• EXERCISE GOAL
The reply should hold only the lines below from the one with "with \<open>0 <" to the end, each copied exactly.

· · · · · · ·

lemma mult_le_of_dense:
  fixes a b c \<mu> :: real
  assumes "a < \<mu>" "0 \<le> c" and le: "\<And>\<nu>. a < \<nu> \<Longrightarrow> \<nu> < \<mu> \<Longrightarrow> \<nu> * c \<le> b"
  shows "\<mu> * c \<le> b"
proof (cases "c = 0")
  case True
  then show ?thesis using le[of "(a + \<mu>) / 2"] \<open>a < \<mu>\<close> by simp
next
  case False
  then have "c > 0" using \<open>0 \<le> c\<close> by simp
  have "\<mu> \<le> b / c"
    by (rule dense_le_bounded[OF \<open>a < \<mu>\<close>]) (use le \<open>c > 0\<close> in \<open>simp add: pos_le_divide_eq\<close>)
  then show ?thesis using \<open>c > 0\<close> by (simp add: pos_le_divide_eq)
qed

theorem corollary2:
  fixes N :: "real^'n \<Rightarrow> real"
    and g :: "real^'n \<Rightarrow> real^'n"
    and g' :: "real^'n \<Rightarrow> real^'n^'n"
    and y :: "real^'n"
    and \<rho> L \<mu> :: real
  defines "B \<equiv> {x. N x \<le> \<rho>}"
  assumes normN: "is_norm N"
    and rho_pos: "\<rho> > 0" and L_nonneg: "L \<ge> 0" and mu_pos: "\<mu> > 0"
    and g0: "g 0 = 0"
    and deriv: "\<And>x. x \<in> B \<Longrightarrow> (g has_derivative (\<lambda>h. g' x *v h)) (at x within B)"
    and lip: "\<And>xa xb. xa \<in> B \<Longrightarrow> xb \<in> B \<Longrightarrow> opnorm N (g' xa - g' xb) \<le> L * N (xa - xb)"
    and inv: "\<And>x. x \<in> B \<Longrightarrow> invertible (g' x)"
    and inv_bound: "\<And>x. x \<in> B \<Longrightarrow> opnorm N (matrix_inv (g' x)) \<le> 1 / \<mu>"
    and y_small: "N y < \<mu> * \<rho>"
  shows "\<exists>xs. g xs = y \<and> N xs \<le> N y / \<mu>"
proof -
  define a where "a = N y / \<rho>"
  have "0 \<le> a" "a < \<mu>"
    using y_small rho_pos is_norm_nonneg[OF normN, of y] by (auto simp: a_def field_simps)
  have sol: "\<exists>x\<in>B. g x = y \<and> \<nu> * N x \<le> N y" if "a < \<nu>" "\<nu> < \<mu>" for \<nu>
  proof -
    have "0 < \<nu>" using that \<open>0 \<le> a\<close> by linarith
    have "N y < \<nu> * \<rho>" using that rho_pos unfolding a_def by (simp add: divide_less_eq)
    with \<open>0 < \<nu>\<close> show ?thesis
      using solution_in_norm_ball[OF normN g0 deriv[unfolded B_def] inv[unfolded B_def]
          inv_bound[unfolded B_def]] \<open>\<nu> < \<mu>\<close>
      unfolding B_def by blast
  qed
  define Z where "Z = {x \<in> B. g x = y}"
  have "compact Z"
    unfolding Z_def B_def
    by (rule compact_is_norm_ball_fibre[OF normN has_derivative_continuous_on])
      (rule deriv[unfolded B_def])
  have "Z \<noteq> {}" using sol[of "(a + \<mu>) / 2"] \<open>a < \<mu>\<close> unfolding Z_def by auto
  then obtain x where x: "x \<in> Z" "\<And>z. z \<in> Z \<Longrightarrow> N x \<le> N z"
    using continuous_attains_inf[OF \<open>compact Z\<close> _ is_norm_continuous_on[OF normN]] by blast
  have "\<mu> * N x \<le> N y"
  proof (rule mult_le_of_dense[OF \<open>a < \<mu>\<close> is_norm_nonneg[OF normN]])
    fix \<nu> assume "a < \<nu>" "\<nu> < \<mu>"
    then obtain z where "z \<in> Z" "\<nu> * N z \<le> N y" using sol unfolding Z_def by blast
    moreover have "\<nu> * N x \<le> \<nu> * N z"
      using x(2)[OF \<open>z \<in> Z\<close>] \<open>0 \<le> a\<close> \<open>a < \<nu>\<close> by (intro mult_left_mono) auto
    ultimately show "\<nu> * N x \<le> N y" by linarith
  qed
  then show ?thesis using x(1) mu_pos unfolding Z_def by (auto simp: field_simps)
qed

end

· · · · · · ·

• SOLUTION
    with \<open>0 < \<nu>\<close> show ?thesis
      using solution_in_norm_ball[OF normN g0 deriv[unfolded B_def] inv[unfolded B_def]
          inv_bound[unfolded B_def]] \<open>\<nu> < \<mu>\<close>
      unfolding B_def by blast
  qed
  define Z where "Z = {x \<in> B. g x = y}"
  have "compact Z"
    unfolding Z_def B_def
    by (rule compact_is_norm_ball_fibre[OF normN has_derivative_continuous_on])
      (rule deriv[unfolded B_def])
  have "Z \<noteq> {}" using sol[of "(a + \<mu>) / 2"] \<open>a < \<mu>\<close> unfolding Z_def by auto
  then obtain x where x: "x \<in> Z" "\<And>z. z \<in> Z \<Longrightarrow> N x \<le> N z"
    using continuous_attains_inf[OF \<open>compact Z\<close> _ is_norm_continuous_on[OF normN]] by blast
  have "\<mu> * N x \<le> N y"
  proof (rule mult_le_of_dense[OF \<open>a < \<mu>\<close> is_norm_nonneg[OF normN]])
    fix \<nu> assume "a < \<nu>" "\<nu> < \<mu>"
    then obtain z where "z \<in> Z" "\<nu> * N z \<le> N y" using sol unfolding Z_def by blast
    moreover have "\<nu> * N x \<le> \<nu> * N z"
      using x(2)[OF \<open>z \<in> Z\<close>] \<open>0 \<le> a\<close> \<open>a < \<nu>\<close> by (intro mult_left_mono) auto
    ultimately show "\<nu> * N x \<le> N y" by linarith
  qed
  then show ?thesis using x(1) mu_pos unfolding Z_def by (auto simp: field_simps)
qed

end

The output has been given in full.